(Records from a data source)
■ ■ ■

lemma nu_tail_sums:
  fixes q :: complex
  assumes q: "norm q < 1"
  shows "(\<lambda>r. qpoch (-q) (q^2) r * q ^ r) sums
          (2 * qinf (-(q^2)) (q^2) * qinf (-(q^2)) (q^2) * qinf (q^4) (q^4) - mock_nu q)"
proof (cases "q = 0")
  case True
  have "(\<lambda>n. (0::complex) ^ (n^2 + n) / qpoch (- 0) (0^2) (Suc n)) = (\<lambda>n. if n = 0 then 1 else 0)"
    "(\<lambda>r. qpoch (-0) ((0::complex)^2) r * 0 ^ r) = (\<lambda>n. if n = 0 then 1 else 0)"
    by auto
  then show ?thesis
    using True sums_single[of 0 "\<lambda>_. 1::complex"] by (simp add: mock_nu_def sums_iff)
next
  case False
  show ?thesis
    unfolding mock_nu_def
  proof (rule has_sum_int_negative_part_sums[OF nu_bilateral_has_sum[OF q False]])
    show "q powi ((int n)^2 + int n) / qpochZ (-q) (q^2) (int n + 1) = q ^ (n^2 + n) / qpoch (-q) (q^2) (Suc n)" for n
    proof -
      have "(int n)^2 + int n = int (n^2 + n)" "int n + 1 = int (Suc n)" by simp_all
      then show ?thesis by (simp only: power_int_of_nat qpochZ_of_nat)
    qed
  qed (rule nu_negative_term[OF False])
qed

lemma psi_bilateral_has_sum:
  fixes q :: complex
  assumes q: "norm q < 1" "q \<noteq> 0"
  shows "((\<lambda>n. jacobi_term (q^2) (- 1 / q) n / qpochZ q (q^2) n) has_sum
          (qinf (-q) (q^2) * qinf (-q) (q^2) * qinf (q^2) (q^2)
            / (qinf q (q^2) * qinf (-(q^2)) (q^2))) / q) UNIV"
proof -
  define x where "x = - 1 / q"
  have p: "norm (q^2) < 1" "q^2 \<noteq> 0" using q norm_power_less_one[of q 2] by auto
  have x: "x \<noteq> 0" "q / x = - (q^2)" "q^2 / x = - (q^3)"
    using q(2) by (simp_all add: x_def power2_eq_square power3_eq_cube)
  have nonzero: "qinf q (q^2) \<noteq> 0" "qinf (-(q^2)) (q^2) \<noteq> 0"
    using qinf_nonzero[OF p(1)] q p by auto
  have "norm (-(q^3)) < 1"
    using norm_power_less_one[OF q(1), of 3] by simp
  then have "((\<lambda>n. jacobi_term (q^2) x n / qpochZ q (q^2) n) has_sum
          qinf (q^2) (q^2) * qinf x (q^2) * qinf (-(q^3)) (q^2) / (qinf q (q^2) * qinf (-(q^2)) (q^2))) UNIV"
    using jacobi_term_div_qpochZ_has_sum[OF p x(1), of q] x p nonzero by simp
  moreover have "qinf (q^2) (q^2) * qinf x (q^2) * qinf (-(q^3)) (q^2) / (qinf q (q^2) * qinf (-(q^2)) (q^2))
                 = qinf (-q) (q^2) * qinf (-q) (q^2) * qinf (q^2) (q^2)
                   / (qinf q (q^2) * qinf (-(q^2)) (q^2)) / q"
  proof -
    have "qinf x (q^2) = (1 + 1 / q) * qinf (-q) (q^2)"
      using qinf_split_first[OF p(1), of x] q(2) by (simp add: x_def power2_eq_square)
    moreover have "qinf (-q) (q^2) = (1 + q) * qinf (-(q^3)) (q^2)"
      using qinf_split_first[OF p(1), of "-q"] by (simp add: power2_eq_square power3_eq_cube mult.assoc)
    ultimately have "q * qinf x (q^2) * qinf (-(q^3)) (q^2) = qinf (-q) (q^2) * qinf (-q) (q^2)"
      using q(2) by (simp add: field_simps)
    then show ?thesis
      using q(2) nonzero by (simp add: field_simps)
  qed
  ultimately show ?thesis
    unfolding x_def by simp
qed

lemma psi_positive_term:
  fixes q :: complex
  assumes q: "norm q < 1" "q \<noteq> 0"
  shows "q * (jacobi_term (q^2) (- 1 / q) (int (Suc n)) / qpochZ q (q^2) (int (Suc n)))
         = q ^ (n^2) / qpoch q (q^2) n + q ^ (Suc n ^ 2) / qpoch q (q^2) (Suc n)"
proof -
  have nonzero: "qpoch q (q^2) n \<noteq> 0" "1 - q ^ Suc (2 * n) \<noteq> 0"
    using qpoch_nonzero[of q "q^2" n] one_minus_power_Suc_nonzero[OF q(1), of "2 * n"] q
    by (auto simp: norm_power power_le_one)
  have "(-1) ^ Suc n * (- 1 / q) ^ Suc n = (1 / q) ^ Suc n"
    by (simp flip: power_mult_distrib)
  then have "q * (jacobi_term (q^2) (- 1 / q) (int (Suc n)) / qpochZ q (q^2) (int (Suc n)))
             = q ^ (n * n) / qpoch q (q^2) (Suc n)"
    unfolding jacobi_term_of_nat qpochZ_of_nat power2_power_Suc_choose_2 using q(2)
    by (simp add: power_add field_simps)
  also have "\<dots> = q ^ (n^2) / qpoch q (q^2) n + q ^ (Suc n ^ 2) / qpoch q (q^2) (Suc n)"
  proof -
    have "Suc n ^ 2 = n^2 + Suc (2 * n)" by (simp add: power2_eq_square)
    then show ?thesis
      using nonzero unfolding qpoch_Suc by (simp add: power_add power_mult field_simps power2_eq_square)
  qed
  finally show ?thesis .
qed

lemma psi_negative_term:
  fixes q :: complex
  assumes q: "q \<noteq> 0"
  shows "q * (jacobi_term (q^2) (- 1 / q) (- int (Suc m)) / qpochZ q (q^2) (- int (Suc m)))
         = qpoch q (q^2) (Suc m) * (-1) ^ Suc m + qpoch q (q^2) (Suc (Suc m)) * (-1) ^ Suc (Suc m)"
proof -
  define k where "k = Suc m"
  have "jacobi_term (q^2) (- 1 / q) (- int k) / qpochZ q (q^2) (- int k)
        = (-1) ^ k * q ^ (k * k + k) * (-q) ^ k * (1 / qpochZ q (q^2) (- int k))"
    unfolding jacobi_term_neg power2_power_Suc_choose_2 using q by simp
  also have "1 / qpochZ q (q^2) (- int k) = (-q) ^ k * qpoch q (q^2) k / q ^ (k * k + k)"
    using inverse_qpochZ_neg_square_base[OF q q, of k] q by (simp add: power2_eq_square)
  also have "(-1) ^ k * q ^ (k * k + k) * (-q) ^ k * ((-q) ^ k * qpoch q (q^2) k / q ^ (k * k + k))
             = (-1) ^ k * ((-q) ^ k * (-q) ^ k) * qpoch q (q^2) k"
    using q by simp
  also have "(-q) ^ k * (-q) ^ k = (q^2) ^ k"
    by (simp add: power2_eq_square flip: power_mult_distrib)
  finally have "jacobi_term (q^2) (- 1 / q) (- int k) / qpochZ q (q^2) (- int k)
                = (-1) ^ k * (q^2) ^ k * qpoch q (q^2) k" .
  moreover have "qpoch q (q^2) k * (-1) ^ k + qpoch q (q^2) (Suc k) * (-1) ^ Suc k
                 = q * ((-1) ^ k * (q^2) ^ k * qpoch q (q^2) k)"
    by (simp add: qpoch_Suc[of q "q^2" k] algebra_simps)
  ultimately show ?thesis
    unfolding k_def by simp
qed
(* For $n\ge3$, $\mathfrak a_{13}(n)$ equals the real span of $\{iP\}$ over all length-$n$ Pauli strings $P\notin\{I^{\otimes n},X^{\otimes n}\}$ that commute with $X^{\otimes n}$. Consequently $\mathfrak a_{13}(n)\cong\mathfrak{su}(2^{n-1})\oplus\mathfrak{su}(2^{n-1})$.
   Context: Pauli matrices $I,X,Y,Z$; $A_jB_{j+1}$ denotes the length-$n$ Pauli string with $A$ at position $j$, $B$ at $j+1$, $I$ elsewhere. $\mathfrak{su}(N)$ is the Lie algebra of traceless skew-Hermitian matrices; $\oplus$ denotes a direct sum of commuting subalgebras. For a set $S$ of Pauli strings, $\mathrm{Lie}\langle S\rangle$ is the smallest real Lie subalgebra of $\mathfrak u(2^n)$ containing $\{iP:P\in S\}$. $\mathfrak a_{13}(n)=\mathrm{Lie}\langle X_jX_{j+1},Y_jY_{j+1},Y_jZ_{j+1}:1\le j\le n-1\rangle$. *)

theory Defs
  imports Complex_Main "Jordan_Normal_Form.Matrix"
begin

datatype pauli = PI | PX | PY | PZ

fun pauli_entry :: "pauli \<Rightarrow> nat \<Rightarrow> nat \<Rightarrow> complex" where
  "pauli_entry PI a b = (if a = b then 1 else 0)"
| "pauli_entry PX a b = (if a \<noteq> b then 1 else 0)"
| "pauli_entry PY a b = (if a = b then 0 else if a = 0 then - \<i> else \<i>)"
| "pauli_entry PZ a b = (if a = b then (if a = 0 then 1 else -1) else 0)"

text \<open>Bit of index r belonging to tensor factor j (0-based, leftmost factor = most
  significant bit) in a length-n tensor product.\<close>
definition qbit :: "nat \<Rightarrow> nat \<Rightarrow> nat \<Rightarrow> nat" where
  "qbit n j r = (r div 2 ^ (n - 1 - j)) mod 2"

text \<open>Matrix of the Pauli string P (list of length n) = P!0 \<otimes> ... \<otimes> P!(n-1),
  written entrywise (the entry of a Kronecker product is the product of entries).\<close>
definition pauli_mat :: "pauli list \<Rightarrow> complex mat" where
  "pauli_mat P = (let n = length P in
     mat (2 ^ n) (2 ^ n) (\<lambda>(r, c). \<Prod>j<n. pauli_entry (P ! j) (qbit n j r) (qbit n j c)))"

definition two_site :: "nat \<Rightarrow> pauli \<Rightarrow> pauli \<Rightarrow> nat \<Rightarrow> pauli list" where
  "two_site n A B j = map (\<lambda>k. if k = j then A else if k = Suc j then B else PI) [0..<n]"

definition commutator :: "complex mat \<Rightarrow> complex mat \<Rightarrow> complex mat" where
  "commutator A B = A * B - B * A"

inductive_set real_span_mat :: "nat \<Rightarrow> complex mat set \<Rightarrow> complex mat set"
  for N :: nat and S :: "complex mat set" where
  zero: "0\<^sub>m N N \<in> real_span_mat N S"
| gen: "A \<in> S \<Longrightarrow> A \<in> real_span_mat N S"
| add: "A \<in> real_span_mat N S \<Longrightarrow> B \<in> real_span_mat N S \<Longrightarrow> A + B \<in> real_span_mat N S"
| smult: "A \<in> real_span_mat N S \<Longrightarrow> complex_of_real c \<cdot>\<^sub>m A \<in> real_span_mat N S"

inductive_set lie_gen :: "nat \<Rightarrow> complex mat set \<Rightarrow> complex mat set"
  for N :: nat and S :: "complex mat set" where
  zero: "0\<^sub>m N N \<in> lie_gen N S"
| gen: "A \<in> S \<Longrightarrow> A \<in> lie_gen N S"
| add: "A \<in> lie_gen N S \<Longrightarrow> B \<in> lie_gen N S \<Longrightarrow> A + B \<in> lie_gen N S"
| smult: "A \<in> lie_gen N S \<Longrightarrow> complex_of_real c \<cdot>\<^sub>m A \<in> lie_gen N S"
| bracket: "A \<in> lie_gen N S \<Longrightarrow> B \<in> lie_gen N S \<Longrightarrow> commutator A B \<in> lie_gen N S"

definition a13 :: "nat \<Rightarrow> complex mat set" where
  "a13 n = lie_gen (2 ^ n)
     ((\<lambda>P. \<i> \<cdot>\<^sub>m pauli_mat P) `
       {two_site n A B j | A B j. j + 1 < n \<and> (A, B) \<in> {(PX, PX), (PY, PY), (PY, PZ)}})"

definition conj_transpose :: "complex mat \<Rightarrow> complex mat" where
  "conj_transpose A = mat (dim_col A) (dim_row A) (\<lambda>(i, j). cnj (A $$ (j, i)))"

definition mat_trace :: "complex mat \<Rightarrow> complex" where
  "mat_trace A = (\<Sum>i<dim_row A. A $$ (i, i))"

definition su :: "nat \<Rightarrow> complex mat set" where
  "su N = {A \<in> carrier_mat N N. conj_transpose A = - A \<and> mat_trace A = 0}"

definition lie_iso_su_sum ::
  "complex mat set \<Rightarrow> nat \<Rightarrow> (complex mat \<Rightarrow> complex mat \<times> complex mat) \<Rightarrow> bool" where
  "lie_iso_su_sum L N f \<longleftrightarrow>
     bij_betw f L (su N \<times> su N) \<and>
     (\<forall>A\<in>L. \<forall>B\<in>L. f (A + B) = (fst (f A) + fst (f B), snd (f A) + snd (f B))) \<and>
     (\<forall>A\<in>L. \<forall>c::real. f (complex_of_real c \<cdot>\<^sub>m A) =
        (complex_of_real c \<cdot>\<^sub>m fst (f A), complex_of_real c \<cdot>\<^sub>m snd (f A))) \<and>
     (\<forall>A\<in>L. \<forall>B\<in>L. f (commutator A B) =
        (commutator (fst (f A)) (fst (f B)), commutator (snd (f A)) (snd (f B))))"

end

theory Submission
  imports Defs
begin

text \<open>Pauli strings multiply symbolically: \<open>\<sigma>_P \<sigma>_Q\<close> is a phase times \<open>\<sigma>_(P Q)\<close>, so the bracket
  \<open>[i \<sigma>_P, i \<sigma>_Q]\<close> vanishes if \<open>P\<close> and \<open>Q\<close> commute and is a nonzero real multiple of
  \<open>i \<sigma>_(P Q)\<close> if they anticommute. Hence the real span of the strings commuting with \<open>X\<^sup>\<otimes>\<^sup>n\<close>
  (other than \<open>I\<^sup>\<otimes>\<^sup>n\<close> and \<open>X\<^sup>\<otimes>\<^sup>n\<close>) is a Lie algebra containing the generators of
  \<open>a13 n\<close>. Conversely every such string arises from the generators by multiplying
  anticommuting pairs: by explicit products for \<open>n = 3\<close>, and by induction on \<open>n\<close> using strings
  padded with an identity factor at either end.

  Expanding in the Pauli basis, the span consists exactly of the traceless skew-Hermitian
  matrices \<open>A\<close> commuting with \<open>J = X\<^sup>\<otimes>\<^sup>n\<close> and with \<open>tr (A J) = 0\<close>. In the \<open>\<plusminus>1\<close>
  eigenspaces of \<open>J\<close> such an \<open>A\<close> is block diagonal, with two independent traceless
  skew-Hermitian blocks of size \<open>2\<^sup>n\<^sup>-\<^sup>1\<close>.\<close>

section \<open>Symbolic multiplication of Pauli strings\<close>

lemma UNIV_pauli: "(UNIV::pauli set) = {PI, PX, PY, PZ}"
  using pauli.exhaust by auto

instance pauli :: finite by standard (simp add: UNIV_pauli)

text \<open>The tables encode \<open>\<sigma>_a \<sigma>_b = pauli_phase a b \<cdot> \<sigma>_(pauli_mul a b)\<close>.\<close>

fun pauli_mul :: "pauli \<Rightarrow> pauli \<Rightarrow> pauli" where
  "pauli_mul PI b = b" | "pauli_mul a PI = a"
| "pauli_mul PX PX = PI" | "pauli_mul PX PY = PZ" | "pauli_mul PX PZ = PY"
| "pauli_mul PY PX = PZ" | "pauli_mul PY PY = PI" | "pauli_mul PY PZ = PX"
| "pauli_mul PZ PX = PY" | "pauli_mul PZ PY = PX" | "pauli_mul PZ PZ = PI"

fun pauli_phase :: "pauli \<Rightarrow> pauli \<Rightarrow> complex" where
  "pauli_phase PX PY = \<i>" | "pauli_phase PY PX = - \<i>"
| "pauli_phase PY PZ = \<i>" | "pauli_phase PZ PY = - \<i>"
| "pauli_phase PZ PX = \<i>" | "pauli_phase PX PZ = - \<i>"
| "pauli_phase _ _ = 1"

definition anticomm1 :: "pauli \<Rightarrow> pauli \<Rightarrow> bool" where
  "anticomm1 a b \<longleftrightarrow> a \<noteq> PI \<and> b \<noteq> PI \<and> a \<noteq> b"

definition anticomm_X :: "pauli \<Rightarrow> bool" where
  "anticomm_X a \<longleftrightarrow> a = PY \<or> a = PZ"

definition string_mul :: "pauli list \<Rightarrow> pauli list \<Rightarrow> pauli list" where
  "string_mul P Q = map2 pauli_mul P Q"

fun string_phase :: "pauli list \<Rightarrow> pauli list \<Rightarrow> complex" where
  "string_phase (a # P) (b # Q) = pauli_phase a b * string_phase P Q"
| "string_phase _ _ = 1"

fun anticomm :: "pauli list \<Rightarrow> pauli list \<Rightarrow> bool" where
  "anticomm (a # P) (b # Q) = (anticomm1 a b \<noteq> anticomm P Q)"
| "anticomm _ _ = False"

fun anticomm_Xn :: "pauli list \<Rightarrow> bool" where
  "anticomm_Xn [] = False"
| "anticomm_Xn (a # P) = (anticomm_X a \<noteq> anticomm_Xn P)"

lemma pauli_mul_I_right [simp]: "pauli_mul a PI = a"
  by (cases a) auto

lemma pauli_mul_self [simp]: "pauli_mul a a = PI"
  by (cases a) auto

lemma pauli_mul_comm: "pauli_mul a b = pauli_mul b a"
  by (cases a; cases b) auto

lemma pauli_mul_cancel: "pauli_mul p (pauli_mul p q) = q"
  by (cases p; cases q) auto

lemma anticomm1_sym: "anticomm1 a b = anticomm1 b a"
  by (auto simp: anticomm1_def)

lemma anticomm1_pauli_mul: "anticomm1 p (pauli_mul q r) = (anticomm1 p q \<noteq> anticomm1 p r)"
  by (cases p; cases q; cases r) (auto simp: anticomm1_def)

lemma pauli_phase_swap: "pauli_phase b a = (if anticomm1 a b then -1 else 1) * pauli_phase a b"
  by (cases a; cases b) (auto simp: anticomm1_def)

lemma pauli_phase_cnj: "cnj (pauli_phase a b) = pauli_phase b a"
  by (cases a; cases b) auto

lemma pauli_phase_nonzero: "pauli_phase a b \<noteq> 0"
  by (cases a; cases b) auto

lemma string_mul_Cons [simp]: "string_mul (a # P) (b # Q) = pauli_mul a b # string_mul P Q"
  by (simp add: string_mul_def)

lemma string_mul_Nil [simp]: "string_mul [] Q = []" "string_mul P [] = []"
  by (auto simp: string_mul_def)

lemma length_string_mul [simp]: "length (string_mul P Q) = min (length P) (length Q)"
  by (simp add: string_mul_def)

lemma string_mul_append:
  "length P = length Q \<Longrightarrow> string_mul (P @ P') (Q @ Q') = string_mul P Q @ string_mul P' Q'"
  by (simp add: string_mul_def)

lemma string_mul_replicate:
  "string_mul (replicate k a) (replicate k b) = replicate k (pauli_mul a b)"
  by (induction k) auto

lemma string_mul_comm: "string_mul P Q = string_mul Q P"
proof (induction P arbitrary: Q)
  case (Cons a P)
  then show ?case by (cases Q) (auto simp: pauli_mul_comm)
qed simp

lemma string_mul_self: "string_mul P P = replicate (length P) PI"
  by (induction P) auto

lemma string_mul_cancel: "length P = length Q \<Longrightarrow> string_mul P (string_mul P Q) = Q"
proof (induction P arbitrary: Q)
  case (Cons a P)
  then show ?case by (cases Q) (auto simp: pauli_mul_cancel)
qed simp

lemma string_mul_cancel_right: "length M = length g \<Longrightarrow> string_mul (string_mul M g) g = M"
  by (metis string_mul_comm string_mul_cancel length_string_mul min.idem)

lemma string_mul_I_right: "string_mul P (replicate (length P) PI) = P"
  by (induction P) auto

lemma string_phase_swap:
  "length P = length Q \<Longrightarrow> string_phase Q P = (if anticomm P Q then -1 else 1) * string_phase P Q"
proof (induction P arbitrary: Q)
  case (Cons a P)
  then obtain b Q' where "Q = b # Q'" "length P = length Q'"
    by (cases Q) auto
  with Cons.IH[of Q'] show ?case
    by (simp add: pauli_phase_swap[of a b] anticomm1_sym[of a b])
qed simp

lemma string_phase_cnj: "cnj (string_phase P Q) = string_phase Q P"
  by (induction P Q rule: string_phase.induct) (auto simp: pauli_phase_cnj)

lemma string_phase_nonzero: "string_phase P Q \<noteq> 0"
  by (induction P Q rule: string_phase.induct) (auto simp: pauli_phase_nonzero)

lemma string_phase_self: "string_phase P P = 1"
  by (induction P) (auto, case_tac a, auto)

lemma cnj_eq_uminus_imaginary: "cnj z = - z \<Longrightarrow> z = \<i> * complex_of_real (Im z)"
  by (simp add: complex_eq_iff)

■ ■ ■

Instructions to follow: From the data, list each line in which the string "define" appears.

Task output:
  define x where "x = - 1 / q"
  define k where "k = Suc m"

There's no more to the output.